美濃・斎藤家の落ち武者から国持大名にまで出世したのに、自らの突出によって島津との戦に敗戦して改易。一家離散のどん底から再び国持大名まで出世。さらには徳川二代将軍のときには「秀忠付」に任命されるなど徳川幕府の重鎮となった「仙石久秀」のジェットコースター人生を描く「センゴク」シリーズの第4Season『宮下英樹「センゴク権兵衛」』の第24巻。
前巻で朝鮮半島へ侵攻し、高麗国の首都・漢城を落城させたのですが、その後の明国への侵攻を行うための秀吉の渡海をめぐって、徳川家康と石田三成との意見対立が表面化し、政権内での亀裂が明らかになりはじめたのですが、今巻ではさらにその対立が激しくなってきます。
あらすじと注目ポイント
構成は
vol201 板挟み
vol202 揺れる心境
vol203 踊る戦線
vol204 勅使来日
vol205 外交手腕
vol206 豊臣の前途
vol207 さらば
vol208 喧しいわ
vol209 大捕物
vol210 大盗賊の正体
となっていて、急遽渡海を取りやめた秀吉の名代として、石田三成、増田長盛、大谷吉継たちが指揮権を託されて渡海するところから始まります。
石田三成は
とかく殿下は「渡海軍の統制」を
徳川・前田(の)両殿ではなく、奉行衆に託された
その信頼に応えねばならぬ
と意気に感じているのですが、理想論に走りがちな奉行衆に対する不安感は拭いようもありません。

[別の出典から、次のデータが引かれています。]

(* Let $\mathcal{H}$ be a complex Hilbert space and $B,C\in\mathcal{B}(\mathcal{H})$. Then for every $0\le\alpha\le1$, $$\begin{aligned}w^4\left(\begin{bmatrix}0 & B\\ C & 0\end{bmatrix}\right)\le{}& \frac{1+\alpha}{8}\max\left\{\big\||B|^4+|C^*|^4\big\|,\ \big\||B^*|^4+|C|^4\big\|\right\}+\frac{1-\alpha}{4}\max\{w^2(BC),w^2(CB)\}\\&+\frac14\max\left\{\big\||B|^2+|C^*|^2\big\|,\ \big\||B^*|^2+|C|^2\big\|\right\}\cdot\max\{w(BC),w(CB)\}.\end{aligned}$$
   Context: $\mathcal{B}(\mathcal{H})$ is the algebra of bounded linear operators on $\mathcal{H}$ with operator norm $\|\cdot\|$. For $A\in\mathcal{B}(\mathcal{H})$, $A^*$ is the adjoint, $|A|=(A^*A)^{1/2}$, $|A^*|=(AA^* )^{1/2}$, and $w(A)=\sup_{\|x\|=1}|\langle Ax,x\rangle|$ is the numerical radius. The operator matrix $\begin{bmatrix}A&B\\C&D\end{bmatrix}$ acts on $\mathcal{H}\oplus\mathcal{H}$ by $(x_1,x_2)\mapsto(Ax_1+Bx_2,\,Cx_1+Dx_2)$; $0$ denotes the zero operator. *)

theory Defs
  imports "HOL-Analysis.Analysis"
begin

class chilbert_space = banach +
  fixes scaleC :: "complex \<Rightarrow> 'a \<Rightarrow> 'a"
    and cinner :: "'a \<Rightarrow> 'a \<Rightarrow> complex"
  assumes scaleC_add_right: "scaleC a (x + y) = scaleC a x + scaleC a y"
    and scaleC_add_left: "scaleC (a + b) x = scaleC a x + scaleC b x"
    and scaleC_scaleC: "scaleC a (scaleC b x) = scaleC (a * b) x"
    and scaleC_one: "scaleC 1 x = x"
    and scaleR_scaleC: "scaleR r x = scaleC (complex_of_real r) x"
    and cinner_conj: "cinner x y = cnj (cinner y x)"
    and cinner_add_left: "cinner (x + y) z = cinner x z + cinner y z"
    and cinner_scaleC_left: "cinner (scaleC a x) y = a * cinner x y"
    and cinner_self: "cinner x x = complex_of_real ((norm x)\<^sup>2)"

definition bounded_clinear :: "('a::chilbert_space \<Rightarrow> 'a) \<Rightarrow> bool" where
  "bounded_clinear T \<longleftrightarrow>
     (\<forall>x y. T (x + y) = T x + T y) \<and>
     (\<forall>a x. T (scaleC a x) = scaleC a (T x)) \<and>
     (\<exists>K. \<forall>x. norm (T x) \<le> norm x * K)"

definition cadjoint :: "('a::chilbert_space \<Rightarrow> 'a) \<Rightarrow> ('a \<Rightarrow> 'a)" where
  "cadjoint T = (THE S. \<forall>x y. cinner (T x) y = cinner x (S y))"

definition opadd :: "('a::chilbert_space \<Rightarrow> 'a) \<Rightarrow> ('a \<Rightarrow> 'a) \<Rightarrow> ('a \<Rightarrow> 'a)" where
  "opadd S T = (\<lambda>x. S x + T x)"

definition abs_sq :: "('a::chilbert_space \<Rightarrow> 'a) \<Rightarrow> ('a \<Rightarrow> 'a)" where
  "abs_sq T = cadjoint T \<circ> T"

definition abs_adj_sq :: "('a::chilbert_space \<Rightarrow> 'a) \<Rightarrow> ('a \<Rightarrow> 'a)" where
  "abs_adj_sq T = T \<circ> cadjoint T"

text \<open>Numerical radius (supremum over the closed unit ball, which agrees with the
supremum over the unit sphere on nonzero spaces and gives 0 on the zero space).\<close>
definition numrad :: "('a::chilbert_space \<Rightarrow> 'a) \<Rightarrow> real" where
  "numrad T = (SUP x\<in>{x. norm x \<le> 1}. cmod (cinner (T x) x))"

text \<open>Numerical radius of the operator matrix [[A,B],[C,D]] acting on H \<oplus> H,
with the direct-sum inner product <(x1,x2),(y1,y2)> = <x1,y1> + <x2,y2>.\<close>
definition numrad_block ::
  "('a::chilbert_space \<Rightarrow> 'a) \<Rightarrow> ('a \<Rightarrow> 'a) \<Rightarrow> ('a \<Rightarrow> 'a) \<Rightarrow> ('a \<Rightarrow> 'a) \<Rightarrow> real" where
  "numrad_block A B C D =
     (SUP p\<in>{(x1, x2). (norm x1)\<^sup>2 + (norm x2)\<^sup>2 \<le> 1}.
        cmod (cinner (A (fst p) + B (snd p)) (fst p) + cinner (C (fst p) + D (snd p)) (snd p)))"

end

theory Submission
  imports Defs
begin

text \<open>Write x = (x1, x2) for a vector of the unit ball of H \<oplus> H, a = (B x2, C x1) and
b = (C* x2, B* x1). The form of the operator matrix at x is z = <a, x> = <x, b>, so Buzano's
inequality gives |z|^2 \<le> (|a| |b| + t) / 2 with t = |<a, b>| = |<CB x2, x2> + <BC x1, x1>|,
which is at most both |a| |b| and max (w(BC), w(CB)). Squaring, the cross term 2 |a| |b| t is
controlled by |a|^2 + |b|^2 = <(|B|^2 + |C*|^2) x2, x2> + <(|B*|^2 + |C|^2) x1, x1>; the term t^2
is split as alpha t^2 + (1 - alpha) t^2; and (|a| |b|)^2 \<le> (|a|^4 + |b|^4) / 2, where
|a|^4 \<le> ||B|^2 x2|^2 + ||C|^2 x1|^2 by Cauchy-Schwarz and similarly for b, which produces the
operators |B|^4 + |C*|^4 and |B*|^4 + |C|^4. Adjoints exist by the Riesz representation theorem,
proved here from the parallelogram law.\<close>

section \<open>Inner-product inequalities\<close>

lemma cinner_add_right: "cinner z (x + y) = cinner z x + cinner z (y::'a::chilbert_space)"
  by (metis cinner_add_left cinner_conj complex_cnj_add)

lemma cinner_scaleC_right: "cinner x (scaleC a y) = cnj a * cinner x (y::'a::chilbert_space)"
  by (metis cinner_conj cinner_scaleC_left complex_cnj_mult)

lemma cinner_zero_right [simp]: "cinner y (0::'a::chilbert_space) = 0"
  using cinner_add_right[of y "0::'a" 0] by simp

lemma cinner_diff_left: "cinner (x - z) (y::'a::chilbert_space) = cinner x y - cinner z y"
  using cinner_add_left[of "x - z" z y] by simp

lemma cinner_diff_right: "cinner y (x - z) = cinner y x - cinner y (z::'a::chilbert_space)"
  using cinner_add_right[of y "x - z" z] by simp

lemma cinner_self_eq_zero [simp]: "cinner x x = 0 \<longleftrightarrow> x = (0::'a::chilbert_space)"
  by (simp add: cinner_self)

lemma norm_scaleC: "norm (scaleC a (x::'a::chilbert_space)) = cmod a * norm x"
proof -
  have "complex_of_real ((norm (scaleC a x))\<^sup>2) = complex_of_real ((cmod a * norm x)\<^sup>2)"
    unfolding cinner_self[symmetric]
    by (simp add: cinner_scaleC_left cinner_scaleC_right complex_norm_square
        power_mult_distrib mult.assoc cinner_self[of x] del: of_real_power)
  then have "(norm (scaleC a x))\<^sup>2 = (cmod a * norm x)\<^sup>2"
    using of_real_eq_iff by blast
  then show ?thesis
    by simp
qed

lemma cinner_ext: "(\<And>x. cinner x u = cinner x v) \<Longrightarrow> u = (v::'a::chilbert_space)"
  by (metis cinner_diff_right cinner_self_eq_zero eq_iff_diff_eq_0)

lemma parallelogram_law:
  "(norm (x + y))\<^sup>2 + (norm (x - y))\<^sup>2 = 2 * (norm x)\<^sup>2 + 2 * (norm (y::'a::chilbert_space))\<^sup>2"
proof -
  have "cinner (x + y) (x + y) + cinner (x - y) (x - y) = 2 * cinner x x + 2 * cinner y y"
    by (simp add: cinner_add_left cinner_add_right cinner_diff_left cinner_diff_right algebra_simps)
  then have "complex_of_real ((norm (x + y))\<^sup>2 + (norm (x - y))\<^sup>2)
      = of_real (2 * (norm x)\<^sup>2 + 2 * (norm y)\<^sup>2)"
    by (simp only: cinner_self of_real_add of_real_mult of_real_numeral)
  then show ?thesis
    using of_real_eq_iff by blast
qed

lemma cinner_Cauchy_Schwarz: "cmod (cinner x y) \<le> norm x * norm (y::'a::chilbert_space)"
proof -
  define c where "c = cinner x y"
  define r where "r = (norm y)\<^sup>2"
  define z where "z = scaleC (of_real r) x - scaleC c y"
  have yx: "cinner y x = cnj c" and yy: "cinner y y = of_real r"
    by (simp_all add: c_def r_def cinner_self flip: cinner_conj)
  have "complex_of_real ((norm z)\<^sup>2) = of_real r * (of_real r * cinner x x - c * cnj c)"
    unfolding cinner_self[symmetric] z_def
    by (simp add: cinner_diff_left cinner_diff_right cinner_scaleC_left cinner_scaleC_right
        yx yy flip: c_def)
  also have "\<dots> = of_real (r * (r * (norm x)\<^sup>2 - (cmod c)\<^sup>2))"
    by (simp only: cinner_self complex_norm_square of_real_mult of_real_diff)
  finally have "(norm z)\<^sup>2 = r * (r * (norm x)\<^sup>2 - (cmod c)\<^sup>2)"
    using of_real_eq_iff by blast
  then have "0 \<le> r * (r * (norm x)\<^sup>2 - (cmod c)\<^sup>2)"
    by (metis zero_le_power2)
  then have "(cmod c)\<^sup>2 \<le> (norm x * norm y)\<^sup>2" if "y \<noteq> 0"
    using that by (simp add: r_def zero_le_mult_iff power_mult_distrib mult.commute)
  then show ?thesis
    by (cases "y = 0") (auto simp: c_def intro: power2_le_imp_le)
qed

text \<open>The witness c is |e|^2 times the reflection of b in the line through e, so |c| = |e|^2 |b|.\<close>
lemma Buzano_inequality:
  fixes a e b :: "'a::chilbert_space"
  shows "cmod (cinner a e * cinner e b) \<le> (norm e)\<^sup>2 * (norm a * norm b + cmod (cinner a b)) / 2"
proof -
  define r where "r = (norm e)\<^sup>2"
  define \<beta> where "\<beta> = cinner b e"
  define c where "c = scaleC (2 * \<beta>) e - scaleC (of_real r) b"
  have eb: "cinner e b = cnj \<beta>" and ee: "cinner e e = of_real r"
    by (simp_all add: \<beta>_def r_def cinner_self flip: cinner_conj)
  have "cinner c c = of_real (r\<^sup>2) * cinner b b"
    unfolding c_def
    by (simp add: cinner_diff_left cinner_diff_right cinner_scaleC_left cinner_scaleC_right
        eb ee flip: \<beta>_def) (simp add: algebra_simps power2_eq_square)
  then have "complex_of_real ((norm c)\<^sup>2) = of_real ((r * norm b)\<^sup>2)"
    by (simp only: cinner_self power_mult_distrib of_real_mult)
  then have "(norm c)\<^sup>2 = (r * norm b)\<^sup>2"
    using of_real_eq_iff by blast
  then have nc: "norm c = r * norm b"
    by (simp add: r_def)
  have "2 * (cinner a e * cinner e b) = cinner a c + of_real r * cinner a b"
    unfolding c_def by (simp add: cinner_diff_right cinner_scaleC_right eb)
  then have "2 * cmod (cinner a e * cinner e b) \<le> cmod (cinner a c) + r * cmod (cinner a b)"
    by (metis norm_mult norm_numeral norm_of_real norm_triangle_ineq abs_of_nonneg r_def zero_le_power2)
  also have "\<dots> \<le> norm a * (r * norm b) + r * cmod (cinner a b)"
    using cinner_Cauchy_Schwarz[of a c] nc by simp
  finally show ?thesis
    unfolding r_def by (simp add: algebra_simps)
qed

section \<open>The direct sum H \<oplus> H\<close>

instantiation prod :: (chilbert_space, chilbert_space) chilbert_space
begin

definition scaleC_prod_def: "scaleC a p = (scaleC a (fst p), scaleC a (snd p))"

definition cinner_prod_def: "cinner p q = cinner (fst p) (fst q) + cinner (snd p) (snd q)"

instance
proof
  fix p q r :: "'a \<times> 'b" and a b :: complex and s :: real
  show "scaleC a (p + q) = scaleC a p + scaleC a q"
    by (simp add: scaleC_prod_def scaleC_add_right)
  show "scaleC (a + b) p = scaleC a p + scaleC b p"
    by (simp add: scaleC_prod_def scaleC_add_left)
  show "scaleC a (scaleC b p) = scaleC (a * b) p"
    by (simp add: scaleC_prod_def scaleC_scaleC)
  show "scaleC 1 p = p"
    by (simp add: scaleC_prod_def scaleC_one)
  show "scaleR s p = scaleC (of_real s) p"
    by (simp add: scaleC_prod_def scaleR_prod_def scaleR_scaleC)
  show "cinner p q = cnj (cinner q p)"
    by (simp add: cinner_prod_def flip: cinner_conj)
  show "cinner (p + q) r = cinner p r + cinner q r"
    by (simp add: cinner_prod_def cinner_add_left)
  show "cinner (scaleC a p) q = a * cinner p q"
    by (simp add: cinner_prod_def scaleC_prod_def cinner_scaleC_left algebra_simps)
  show "cinner p p = of_real ((norm p)\<^sup>2)"
    by (simp add: cinner_prod_def cinner_self norm_prod_def del: of_real_power)
qed

end

lemma cinner_Pair: "cinner (a, b) (c, d) = cinner a c + cinner b d"
  by (simp add: cinner_prod_def)

section \<open>Riesz representation\<close>

lemma orthogonal_if_norm_minimal:
  fixes y z :: "'a::chilbert_space"
  assumes min: "\<And>t. norm z \<le> norm (z + scaleC t y)"
  shows "cinner y z = 0"
proof (rule ccontr)
  define c where "c = cinner y z"
  assume "cinner y z \<noteq> 0"
  then have c: "0 < (cmod c)\<^sup>2"
    by (simp add: c_def)
  define s where "s = 1 / ((norm y)\<^sup>2 + 1)"
  have "0 < (norm y)\<^sup>2 + 1"
    by (simp add: add_nonneg_pos)
  then have s: "0 < s" "s * (norm y)\<^sup>2 < 1"
    by (simp_all add: s_def field_simps)
  define t where "t = - of_real s * cnj c"
  have zy: "cinner z y = cnj c"
    by (simp add: c_def flip: cinner_conj)
  have "complex_of_real ((norm (z + scaleC t y))\<^sup>2)
      = cinner z z + cnj t * cinner z y + t * cinner y z + t * cnj t * cinner y y"
    by (simp add: cinner_self[symmetric] cinner_add_left cinner_add_right cinner_scaleC_left
        cinner_scaleC_right algebra_simps del: of_real_power)
  also have "\<dots> = of_real ((norm z)\<^sup>2) - of_real s * (c * cnj c) * (2 - of_real s * of_real ((norm y)\<^sup>2))"
    unfolding zy t_def c_def[symmetric] cinner_self
    by (simp add: algebra_simps)
  also have "\<dots> = of_real ((norm z)\<^sup>2 - s * (cmod c)\<^sup>2 * (2 - s * (norm y)\<^sup>2))"
    by (simp flip: complex_norm_square)
  finally have "(norm (z + scaleC t y))\<^sup>2 = (norm z)\<^sup>2 - s * (cmod c)\<^sup>2 * (2 - s * (norm y)\<^sup>2)"
    using of_real_eq_iff by blast
  also have "\<dots> < (norm z)\<^sup>2"
    using s c by simp
  finally show False
    using min[of t] by (meson norm_ge_zero not_less power_mono)
qed

locale bounded_cfunctional =
  fixes f :: "'a::chilbert_space \<Rightarrow> complex"
  assumes add: "f (x + y) = f x + f y"
    and scale: "f (scaleC a x) = a * f x"
    and bounded: "\<exists>K. \<forall>x. cmod (f x) \<le> norm x * K"
begin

案の定、今後の方向性について高麗国の内政優先か、明国への侵攻優先かはっきりしない上に、先発している諸将たちは三成たち文治官僚を軽視している武闘派ばかりで、対立が激化するのは目に見えている状況です。さらに、母親の死去によって秀吉も京へ引き上げるなど、リーダー不在のままで事が進んでいってます。
さらに加えて、実際の戦局の情報をそのまま秀吉に伝えると激怒間違いなしので、かなりごまかして伝えるなど情報操作も行われていたのが、「朝鮮戦役」の裏側のようです。
筆者は
とかく秀吉は疲れていた
そして「安易な誤情報」に縋ってしまったのかもしれない
と評しています
まるで、2021年当時のコロナ対応をめぐる政権によく似た状況がおきていたわけですね。
こうした中で「明国との和平交渉」が始まっていくわけですが、小西行長と明の和平派とが仕立てる「偽」の明国勅使を相手にして、戦役の趨勢や相手国の思惑について情報不足のなままの「秀吉」が演じる「交渉劇」です。
センゴクは現在の豊臣政権下では権力ピラミッドの下のほうなので、詳細について知り得る立場ではないのですが、持ち前の鋭い勘で、この舞台裏に勘付いているとともに、秀吉政権の今後についてなにやら暗い予測をたてています。
物語の後半部分では、あの「石川五右衛門」の登場です。本書では、大名の大半が九州の名護屋にいたことによる畿内の警備不足をついたもので、手下の数が500人から1000人いる大名並みの大盗賊団の「頭目」として描かれています。
史実では、センゴクは伏見城に忍び込んだ五右衛門相手に大バトルをしたり、と五右衛門捕縛に大功績をあげたことにななっているのですが、本書では
俺らにゃ、何事もねぇ静謐の世は
ドブみてぇなもんさ
と戦国の世の終わりを嘆く五右衛門と語り合うひと味違う描き方をしています。秀吉による天下統一は身分関係の固定化ももたらしているわけで、戦働きで一発逆転を狙っていた下積みの人々の「喪失感」を「石川五右衛門」が体現していたようです。
ここで少しネタバレしておくと、次巻以降で豊臣政権を揺るがすことになる、明との和平交渉で秀吉政権と朝廷との板挟みにされたり、茶々の男子出生で不安にかられる関白秀次の様子が仕込まれているので、ここはしっかりおさえておきましょう。
レビュアーの一言
こうした情勢の中で、茶々の懐妊と男子出生という「慶事」は進んでいってます。淀君の懐妊については、秀吉の子種ではないのでは、という疑惑が昔からあるわけですが、筆者の推測は名護屋城下での男たちの連続不審死と秀吉と淀君との
茶々、後始末はつけたんじゃな?
という会話で表しています。
これらを見ると、筆者は、この懐妊は豊臣家の存続を図る為の秀吉・淀君二人の「計画」で、姦通疑惑も承知の上、という推理ですね。